Well since the Jet dust collector I was eyeing fell through, I am resuming the search. Not something I need this week or even for a while. I may try and use my shopvac on whatever tool I am using until I find the right fit DC for my uses and budget.

This Shop Fox W1727, with 1HP., 2.5 micron filter bag, caught my eye as a step above a shopvac, but still portable and compact. 





 
Is this something to look at or is just about as good as a shopvac and I should wait and either save my money or make the HF 2HP DC work for me?


----------



## woodnthings (Jan 24, 2009)

*Shop vacs and DC are not the same*

A dust collector moves large volumes of air at low velocities or pressures.
A shop vac will move smaller amounts of air at higher velocities.
The filter in a shop vac is huge compared to a shop vac and therefore will not clog as soon when dealing with fine dust.
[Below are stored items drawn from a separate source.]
(* For the deterministic system described in the context, the recurrence time $\zeta_n$ is finite for all sufficiently large $n$ and \[ \lim_{n\to\infty}\frac{\zeta_n}{\log n}=\frac{\min\{1-\beta,\alpha\}}{\lambda_1}. \]
   Context: Fix constants $r_0,d_0\ge 0$ with $\lambda_0:=r_0-d_0<0$, $d_1>0$, $k>1$, $\alpha\in(0,1)$, $\beta\in(0,1)$. Let $f:[0,\infty)^2\to[0,\infty)$ satisfy: (A1) $f$ is Lipschitz continuous; (A2) $f(x,y)=r_1$ when $x+y=0$ and $f(x,y)=d_1$ when $x+y=1$, where $r_1:=f(0,0)>d_1$; (A3) $f(x,y)=\Phi(x+y)$ for some non-increasing function $\Phi:[0,\infty)\to[0,\infty)$; (A4) $f(x,y)\to0$ as $x\to\infty$ and as $y\to\infty$; (A5) $f(x,y)\ge \lambda_1(1-(x+y))+d_1$ for all $x,y\ge0$, where $\lambda_1:=r_1-d_1>0$. Put $\phi(x,y):=f(x,y)-d_1$. For each integer $n\ge1$ let $K=K(n):=kn$ and let $(y_0,y_1,y_\beta)$ solve \[ \dot y_0=\lambda_0 y_0,\qquad \dot y_1=\phi(y_0,y_1)\,y_1+n^{-\alpha}y_0,\qquad \dot y_\beta=\phi(y_0,y_1)\,y_\beta, \] with $(y_0(0),y_1(0),y_\beta(0))=(n/K,\,n^\beta/K,\,n^\beta/K)$. Define the deterministic recurrence time $\zeta_n:=\inf\{t>0: y_1(t)=n/K\}$. *)

theory Defs
  imports "HOL-Analysis.Analysis"
begin

definition recurrence_time :: "(real \<Rightarrow> real) \<Rightarrow> real \<Rightarrow> real" where
  "recurrence_time y c = Inf {t. t > 0 \<and> y t = c}"

end

theory Submission
  imports Defs
begin

text \<open>Write v = y0 and u = y1. Then v(t) = e^{\<lambda>0 t}/k, and u solves u' = \<phi> u + a v with
  a = n^{-\<alpha>}, u(0) = b = n^{\<beta>-1}/k, where \<phi> = f(v, u) - d1 satisfies
  \<lambda>1 (1 - (v + u)) \<le> \<phi> \<le> \<lambda>1 by (A5) and (A3). Comparison with u' \<le> \<lambda>1 u + a/k gives
  u(t) \<le> B e^{\<lambda>1 t} with B = b + a/(k \<lambda>1), so u cannot reach 1/k before (-ln B - ln k)/\<lambda>1.
  Conversely, integrating \<phi> \<ge> \<lambda>1 (1 - v - B e^{\<lambda>1 t}) shows that u has reached a level
  independent of n at the time -ln B/\<lambda>1; from then on v is small, u grows at a fixed
  exponential rate and hits 1/k after a bounded delay. Hence \<zeta>_n = -ln B_n/\<lambda>1 + O(1),
  and B_n is comparable to n^{-min(1-\<beta>, \<alpha>)}.\<close>

lemma has_real_derivative_nonneg_imp_le:
  fixes g g' :: "real \<Rightarrow> real"
  assumes "a \<le> b" "{a..b} \<subseteq> S"
    and deriv: "\<And>t. t \<in> {a..b} \<Longrightarrow> (g has_real_derivative g' t) (at t within S)"
    and nonneg: "\<And>t. t \<in> {a..b} \<Longrightarrow> g' t \<ge> 0"
  shows "g a \<le> g b"
proof -
  have "(g has_derivative (\<lambda>h. g' t * h)) (at t within {a..b})" if "a \<le> t" "t \<le> b" for t
    using DERIV_subset[OF deriv \<open>{a..b} \<subseteq> S\<close>] that by (simp add: has_field_derivative_def)
  then obtain t where "t \<in> {a..b}" "g b - g a = g' t * (b - a)"
    using mvt_very_simple[OF \<open>a \<le> b\<close>, of g "\<lambda>t h. g' t * h"] by blast
  with nonneg[of t] \<open>a \<le> b\<close> show ?thesis
    by (metis diff_ge_0_iff_ge zero_le_mult_iff)
qed

lemma linear_differential_inequality_lower:
  fixes g g' P p :: "real \<Rightarrow> real"
  assumes "a \<le> b" "{a..b} \<subseteq> S"
    and g: "\<And>t. t \<in> {a..b} \<Longrightarrow> (g has_real_derivative g' t) (at t within S)"
    and P: "\<And>t. t \<in> {a..b} \<Longrightarrow> (P has_real_derivative p t) (at t within S)"
    and ineq: "\<And>t. t \<in> {a..b} \<Longrightarrow> p t * g t \<le> g' t"
  shows "g a * exp (P b - P a) \<le> g b"
proof -
  have "((\<lambda>t. g t * exp (- P t)) has_real_derivative (g' t - p t * g t) * exp (- P t))
          (at t within S)" if "t \<in> {a..b}" for t
    using DERIV_mult[OF g[OF that] DERIV_chain2[OF DERIV_exp DERIV_minus[OF P[OF that]]]]
    by (simp add: algebra_simps)
  then have "g a * exp (- P a) \<le> g b * exp (- P b)"
    using ineq by (intro has_real_derivative_nonneg_imp_le[OF assms(1,2)]) auto
  then have "g a * exp (- P a) * exp (P b) \<le> g b * exp (- P b) * exp (P b)"
    by (simp add: mult_right_mono)
  then show ?thesis
    by (simp add: mult.assoc exp_add[symmetric] exp_diff)
qed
A dust collector will collect larger "chips" from jointers and planers that would clog the hose on a shop vac although some folks including me, use them with success on portable planers. The shop vac barrel will fill sooner with steady use of a planer or jointer making face cuts. A shop vac is about 3 - 4 times as noisy as a dust collector....JAWAG ......:huh:
The Shop Fox dust collector is similar to the 1 HP Jet, Delta, Grizzly and others. For my money I'd still get the Harbor Freight 2 HP and improve the bag. A few more dollars spent now on something as important to your health will pay off in the long run.  bill


----------



## Paul W Gillespie (Jul 7, 2011)

Thanks Woodnthings, that is why I ask the questions. You folks are awesome and always willing to share. Looks like the HF is the one I will be looking at more closely. I still have time until my shop is ready to cut wood and I need some other things. Not sure if I should put the DC ahead of things like a DP or other things I think I will need and I need a lot, not just power tools but things like clamps and other hand tools.


----------



## knotscott (Nov 8, 2007)

Ditto what Bill said. :thumbsup:


----------



## chsdiyer (Dec 12, 2011)

Hey guys, i'm looking at this same shop fox dust collector and came across this thread. I've seen many people recommend the HF dust collector (with bag upgrade) but my problem is, this unit pulls 20A and that's what my breakers are rated to. My "shop" is in a spare room in my house right now so I want to get a good dust collector. Is the shop fox not adequate for a small (one tool at a time) shop? Is there another you might recommend? The shop fox has good reviews on Amazon. As does the porter cable


----------



## haugerm (Nov 19, 2009)

The HF specs are pretty grossly exaggerated. Still a good machine, though. You'll have no problem running it on a 20 amp circuit. I never have.
--Matt


----------